Thanks Peter, there are a few vents in the back as well as top & bottom, I want to put it almost right against the wal with about a 5-10mm space, l but with these vents I had better see what the manual states as a minimum distance.

Paul


----------



## dinger (Jul 30, 2007)

*tv*

We have the W152D user manual. I can scan & email some pages if that would help


----------



## Snelly (Aug 20, 2005)

You can email or phone Avtex, im sure they will help you out. Im not sure if they are open tomorrow?? As you say, it may have to wait until Monday.

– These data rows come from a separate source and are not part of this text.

section \<open>The vertices attached to one part of a maximum clique\<close>

lemma Gamma_adj_iff: "g \<in> Gamma n E C Z \<Longrightarrow> c \<in> C \<Longrightarrow> E g c \<longleftrightarrow> c \<in> Z"
  unfolding Gamma_def nbrs_in_def by blast

lemma Gamma_subset: "Gamma n E C Z \<subseteq> {0..<n} - C"
  unfolding Gamma_def by blast

lemma Gamma_adj_transitive:
  assumes F: "in_F n E" and C: "is_clique n E C" and Z: "Z \<subseteq> C" "Z \<noteq> {}" "Z \<noteq> C"
    and abc: "a \<in> Gamma n E C Z" "b \<in> Gamma n E C Z" "c \<in> Gamma n E C Z"
    and edges: "E a b" "E b c" and "a \<noteq> c"
  shows "E a c"
proof (rule ccontr)
  assume "\<not> E a c"
  obtain x y where x: "x \<in> Z" and y: "y \<in> C" "y \<notin> Z" using Z by blast
  have xy: "x \<in> C" "x \<noteq> y" using x y Z by auto
  have "a \<noteq> b" "b \<noteq> c" using edges simple_graph_irrefl[OF in_F_simple_graph[OF F]] by auto
  moreover have "a \<notin> C" "b \<notin> C" "c \<notin> C" and V: "a < n" "b < n" "c < n"
    using abc Gamma_subset[of n E C Z] by auto
  ultimately have d: "distinct [a, b, c, x, y]"
    using xy y \<open>a \<noteq> c\<close> by auto
  have Vxy: "x < n" "y < n" and "E x y" using xy y C unfolding is_clique_def by auto
  moreover have "E a x" "E b x" "E c x" "\<not> E a y" "\<not> E b y" "\<not> E c y"
    using abc xy x y by (simp_all add: Gamma_adj_iff)
  ultimately show False
    using in_F_no_induced_dart[OF F V Vxy d edges] \<open>\<not> E a c\<close> by blast
qed

lemma Gamma_triangle_free:
  assumes F: "in_F n E" and C: "is_clique n E C" and Z: "Z \<subseteq> C" "Z \<noteq> {}"
    and W: "card (C - Z) \<ge> 4"
    and abc: "a \<in> Gamma n E C Z" "b \<in> Gamma n E C Z" "c \<in> Gamma n E C Z"
    and "a \<noteq> b" "a \<noteq> c" "b \<noteq> c" and edges: "E a b" "E a c" "E b c"
  shows False
proof -
  obtain x where x: "x \<in> Z" using Z by blast
  obtain Y where Y: "Y \<subseteq> C - Z" "card Y = 4" using obtain_subset_with_card_n[OF W] by blast
  then obtain y1 y2 y3 y4 where Y_eq: "Y = {y1, y2, y3, y4}" and "distinct [y1, y2, y3, y4]"
    by (auto simp: card_Suc_eq numeral_eq_Suc)
  moreover have "a \<notin> C" "b \<notin> C" "c \<notin> C" "a < n" "b < n" "c < n"
    using abc Gamma_subset[of n E C Z] by auto
  ultimately have d: "distinct [a, b, c, x, y1, y2, y3, y4]"
    using x Y Z \<open>a \<noteq> b\<close> \<open>a \<noteq> c\<close> \<open>b \<noteq> c\<close> by auto
  have sym: "E u v \<Longrightarrow> E v u" for u v using simple_graph_sym[OF in_F_simple_graph[OF F]] .
  have x_adj: "E g x" "E x g" if "g \<in> {a, b, c}" for g
    using that abc x Z sym by (auto simp: Gamma_adj_iff)
  have "is_clique n E {a, b, c, x}"
    using \<open>a < n\<close> \<open>b < n\<close> \<open>c < n\<close> x Z C edges sym x_adj unfolding is_clique_def by auto
  moreover have "is_clique n E {x, y1, y2, y3, y4}"
    using C x Y Y_eq Z unfolding is_clique_def by auto
  moreover have "\<forall>g\<in>{a, b, c}. \<forall>y\<in>{y1, y2, y3, y4}. \<not> E g y"
    using abc Y Y_eq by (auto simp: Gamma_adj_iff)
  ultimately show False using in_F_no_K4_K5_sharing_vertex[OF F _ _ _ d] by blast
qed

lemma Gamma_clique_card_le:
  assumes G: "simple_graph n E" and C: "max_clique n E C" and Z: "Z \<subseteq> C"
    and K: "K \<subseteq> Gamma n E C Z" "is_clique n E K"
  shows "card K \<le> card (C - Z)"
proof -
  have CC: "is_clique n E C" and C_max: "\<And>D. is_clique n E D \<Longrightarrow> card D \<le> card C"
    using C unfolding max_clique_def by auto
  have finC: "finite C" using CC unfolding is_clique_def by (meson finite_atLeastLessThan finite_subset)
  have finK: "finite K" using K(2) unfolding is_clique_def by (meson finite_atLeastLessThan finite_subset)
  have KC: "K \<inter> C = {}" using K(1) Gamma_subset[of n E C Z] by blast
  have "E k z" if "k \<in> K" "z \<in> Z" for k z
    using Gamma_adj_iff[of k n E C Z z] that K(1) Z by blast
  moreover have "E z k \<Longrightarrow> E k z" for z k using simple_graph_sym[OF G] .
  ultimately have "is_clique n E (Z \<union> K)"
    using CC K(2) Z unfolding is_clique_def by blast
  then have "card (Z \<union> K) \<le> card C" by (rule C_max)
  moreover have "card (Z \<union> K) = card Z + card K"
    using finC finK Z KC by (intro card_Un_disjoint) (auto intro: finite_subset)
  moreover have "card C = card Z + card (C - Z)"
    using finC Z by (metis card_Diff_subset finite_subset card_mono le_add_diff_inverse)
  ultimately show ?thesis by simp
qed

lemma transitive_graph_is_lK1_kK2_mK3:
  fixes E :: "nat \<Rightarrow> nat \<Rightarrow> bool"
  assumes S: "finite S" and sym: "\<And>a b. E a b \<Longrightarrow> E b a"
    and trans: "\<And>a b c. a \<in> S \<Longrightarrow> b \<in> S \<Longrightarrow> c \<in> S \<Longrightarrow> E a b \<Longrightarrow> E b c \<Longrightarrow> a \<noteq> c \<Longrightarrow> E a c"
    and bound: "\<And>K. K \<subseteq> S \<Longrightarrow> \<forall>a\<in>K. \<forall>b\<in>K. a \<noteq> b \<longrightarrow> E a b \<Longrightarrow> card K \<le> t"
    and "t \<le> 3"
  shows "\<exists>l k m. is_lK1_kK2_mK3 E S l k m \<and> (t \<le> 2 \<longrightarrow> m = 0) \<and> (t \<le> 1 \<longrightarrow> k = 0)"
proof -
  define rel where "rel = {(a, b). a \<in> S \<and> b \<in> S \<and> (a = b \<or> E a b)}"
  have rel: "equiv S rel"
    unfolding rel_def by (rule equivI) (auto simp: refl_on_def sym_def trans_def intro: sym trans)
  define P where "P = S // rel"
  have clique: "E u v" if "B \<in> P" "u \<in> B" "v \<in> B" "u \<noteq> v" for B u v
    using in_quotient_imp_in_rel[OF rel, of B u v] that unfolding P_def rel_def by auto
  have card_B: "card B \<in> {1, 2, 3} \<and> card B \<le> t" if "B \<in> P" for B
  proof -
    have "B \<subseteq> S" "B \<noteq> {}"
      using that in_quotient_imp_subset[OF rel] in_quotient_imp_non_empty[OF rel] unfolding P_def by auto
    then have "card B \<noteq> 0" using S by (meson card_0_eq finite_subset)
    moreover have "card B \<le> t" using bound clique that \<open>B \<subseteq> S\<close> by blast
    ultimately show ?thesis using \<open>t \<le> 3\<close> by auto
  qed
  have "is_lK1_kK2_mK3 E S (card {B\<in>P. card B = 1}) (card {B\<in>P. card B = 2}) (card {B\<in>P. card B = 3})"
    unfolding is_lK1_kK2_mK3_def
  proof (intro exI[of _ P] conjI ballI impI refl)
    show "finite P" unfolding P_def by (rule finite_quotient[OF S]) (auto simp: rel_def)
    show "\<Union>P = S" unfolding P_def by (rule Union_quotient[OF rel])
    show "B \<inter> B' = {}" if "B \<in> P" "B' \<in> P" "B \<noteq> B'" for B B'
      using quotient_disj[OF rel] that unfolding P_def by blast
    show "\<not> E u v" if "B \<in> P" "B' \<in> P" "B \<noteq> B'" "u \<in> B" "v \<in> B'" for B B' u v
      using quotient_eqI[OF rel] in_quotient_imp_subset[OF rel] that unfolding P_def rel_def by blast
  qed (use card_B clique in auto)
  moreover have "t \<le> 2 \<longrightarrow> {B\<in>P. card B = 3} = {}" "t \<le> 1 \<longrightarrow> {B\<in>P. card B = 2} = {}"
    using card_B by fastforce+
  ultimately show ?thesis by fastforce
qed

lemma Gamma_is_lK1_kK2_mK3:
  assumes F: "in_F n E" and C: "max_clique n E C" and Z: "Z \<subseteq> C" "Z \<noteq> {}" "Z \<noteq> C"
  shows "(card (C - Z) = 1 \<longrightarrow> (\<exists>l. is_lK1_kK2_mK3 E (Gamma n E C Z) l 0 0)) \<and>
    (card (C - Z) = 2 \<longrightarrow> (\<exists>l k. is_lK1_kK2_mK3 E (Gamma n E C Z) l k 0)) \<and>
    (card (C - Z) = 3 \<longrightarrow> (\<exists>l k m. is_lK1_kK2_mK3 E (Gamma n E C Z) l k m)) \<and>
    (card (C - Z) \<ge> 4 \<longrightarrow> (\<exists>l k. is_lK1_kK2_mK3 E (Gamma n E C Z) l k 0))"
proof -
  let ?S = "Gamma n E C Z"
  have G: "simple_graph n E" using in_F_simple_graph[OF F] .
  have CC: "is_clique n E C" using C unfolding max_clique_def by simp
  have S: "?S \<subseteq> {0..<n}" using Gamma_subset[of n E C Z] by blast
  have clique_iff: "is_clique n E K \<longleftrightarrow> (\<forall>a\<in>K. \<forall>b\<in>K. a \<noteq> b \<longrightarrow> E a b)" if "K \<subseteq> ?S" for K
    using that S unfolding is_clique_def by blast
  have cluster: "\<exists>l k m. is_lK1_kK2_mK3 E ?S l k m \<and> (t \<le> 2 \<longrightarrow> m = 0) \<and> (t \<le> 1 \<longrightarrow> k = 0)"
    if "t \<le> 3" and "\<And>K. K \<subseteq> ?S \<Longrightarrow> is_clique n E K \<Longrightarrow> card K \<le> t" for t
  proof (rule transitive_graph_is_lK1_kK2_mK3)
    show "finite ?S" using S finite_subset by blast
    show "E a b \<Longrightarrow> E b a" for a b using simple_graph_sym[OF G] .
    show "E a c" if "a \<in> ?S" "b \<in> ?S" "c \<in> ?S" "E a b" "E b c" "a \<noteq> c" for a b c
      using Gamma_adj_transitive[OF F CC Z] that by blast
  qed (use that clique_iff in auto)
  have small: "card K \<le> card (C - Z)" if "K \<subseteq> ?S" "is_clique n E K" for K
    using Gamma_clique_card_le[OF G C Z(1) that] .
  have large: "card K \<le> 2" if "card (C - Z) \<ge> 4" "K \<subseteq> ?S" "is_clique n E K" for K
  proof (rule ccontr)
    assume "\<not> card K \<le> 2"
    then have "3 \<le> card K" by simp
    then obtain T where "T \<subseteq> K" "card T = 3" by (rule obtain_subset_with_card_n)
    then obtain a b c where "a \<in> K" "b \<in> K" "c \<in> K" "a \<noteq> b" "a \<noteq> c" "b \<noteq> c"
      by (auto simp: card_Suc_eq numeral_eq_Suc)
    then show False
      using Gamma_triangle_free[OF F CC Z(1,2) that(1)] that(2,3) unfolding is_clique_def by blast
  qed
  show ?thesis
    using cluster[of "card (C - Z)"] cluster[of 2] small large by auto
qed

theorem proposition4p3:
  fixes n :: nat and E :: "nat \<Rightarrow> nat \<Rightarrow> bool" and C X Y :: "nat set"
  assumes F: "in_F n E"
    and Cmax: "max_clique n E C"
    and Cmin: "\<And>D. max_clique n E D \<Longrightarrow> boundary_edges n E C \<le> boundary_edges n E D"
    and part: "X \<union> Y = C" "X \<inter> Y = {}" "X \<noteq> {}" "Y \<noteq> {}"
    and nb: "\<And>v. v \<in> {0..<n} - C \<Longrightarrow> nbrs_in E v C \<in> {X, Y, {}}"
  shows
    "(card Y = 1 \<longrightarrow> (\<exists>l. is_lK1_kK2_mK3 E (Gamma n E C X) l 0 0)) \<and>
     (card X = 1 \<longrightarrow> (\<exists>l. is_lK1_kK2_mK3 E (Gamma n E C Y) l 0 0)) \<and>
     (card Y = 2 \<longrightarrow> (\<exists>l k. is_lK1_kK2_mK3 E (Gamma n E C X) l k 0)) \<and>
     (card X = 2 \<longrightarrow> (\<exists>l k. is_lK1_kK2_mK3 E (Gamma n E C Y) l k 0)) \<and>
     (card Y = 3 \<longrightarrow> (\<exists>l k m. is_lK1_kK2_mK3 E (Gamma n E C X) l k m)) \<and>
     (card X = 3 \<longrightarrow> (\<exists>l k m. is_lK1_kK2_mK3 E (Gamma n E C Y) l k m)) \<and>
     (card Y \<ge> 4 \<longrightarrow> (\<exists>l k. is_lK1_kK2_mK3 E (Gamma n E C X) l k 0)) \<and>
     (card X \<ge> 4 \<longrightarrow> (\<exists>l k. is_lK1_kK2_mK3 E (Gamma n E C Y) l k 0))"
proof -
  have "X \<subseteq> C" "X \<noteq> {}" "X \<noteq> C" "C - X = Y" "Y \<subseteq> C" "Y \<noteq> {}" "Y \<noteq> C" "C - Y = X"
    using part by auto
  then show ?thesis
    using Gamma_is_lK1_kK2_mK3[OF F Cmax, of X] Gamma_is_lK1_kK2_mK3[OF F Cmax, of Y] by simp
qed

end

http://www.avtex.uk.com/contact/


----------



## 106389 (Aug 11, 2007)

*Re: tv*



dinger said:


> We have the W152D user manual. I can scan & email some pages if that would help


That would be great dinger if you don't mind, as I want to make a bracket & set it all up tomorrow if I can, I will PM you my email address.
MANY THANKS
Paul


----------



## 106389 (Aug 11, 2007)

*Re: tv*



PaulandJackie said:


> dinger said:
> 
> 
> > We have the W152D user manual. I can scan & email some pages if that would help
> ...


Thanks for the info dinger, unfortunately The info you sent didn't have the distance from the wall, nether-less I cant read properly & didn't realise it was the W152D that you have, the distances from the wall might be different.
THANKS anyway for trying to help
Paul


----------



## dinger (Jul 30, 2007)

*tv*

Don't quite understand what you are trying to do,as bracket supplied dictates distance from wall. We brought a £12.99 arm bracket from Wilkinsons which did the job.


----------



## premiermotorhomes (Feb 13, 2008)

I'm not aware of any concerns you will have mounting the TV. So long as its not flush with the mounting wall, I cant invisage any issues. The units dont get particulaly hot, but the best bracket I can reccomend is from Grade

It is very slim and allows the television to be securely mounted, whilst allowing it to be removed for security. You will still be able to ultilise the flip out stand on the unit because of the nominal weight of the bracket.

Regards,
Chris
Premier Motorhomes


----------



## 106389 (Aug 11, 2007)

Thanks for that Chris,
I have ordered the grade one from your link, I was planning on making one myself because of where & how we planned to mount the TV, but when we got the motor-home from storage today, decided to mount the TV in a different place which the Grade quick realise will be ideal & a lot lighter than the normal metal ones.
THANKS AGAIN Paul


----------



## premiermotorhomes (Feb 13, 2008)

Your more than welcome.

If anyone else requires a photocopy of the Avtex W102D manual, please let us know.

Regards,
Chris
Premier Motorhomes Chichester


----------



## 106389 (Aug 11, 2007)

Thanks Chris of Premier Motorhomes for emailing me those pages from the manual, its much appreciated.

THANKS AGAIN
Paul


----------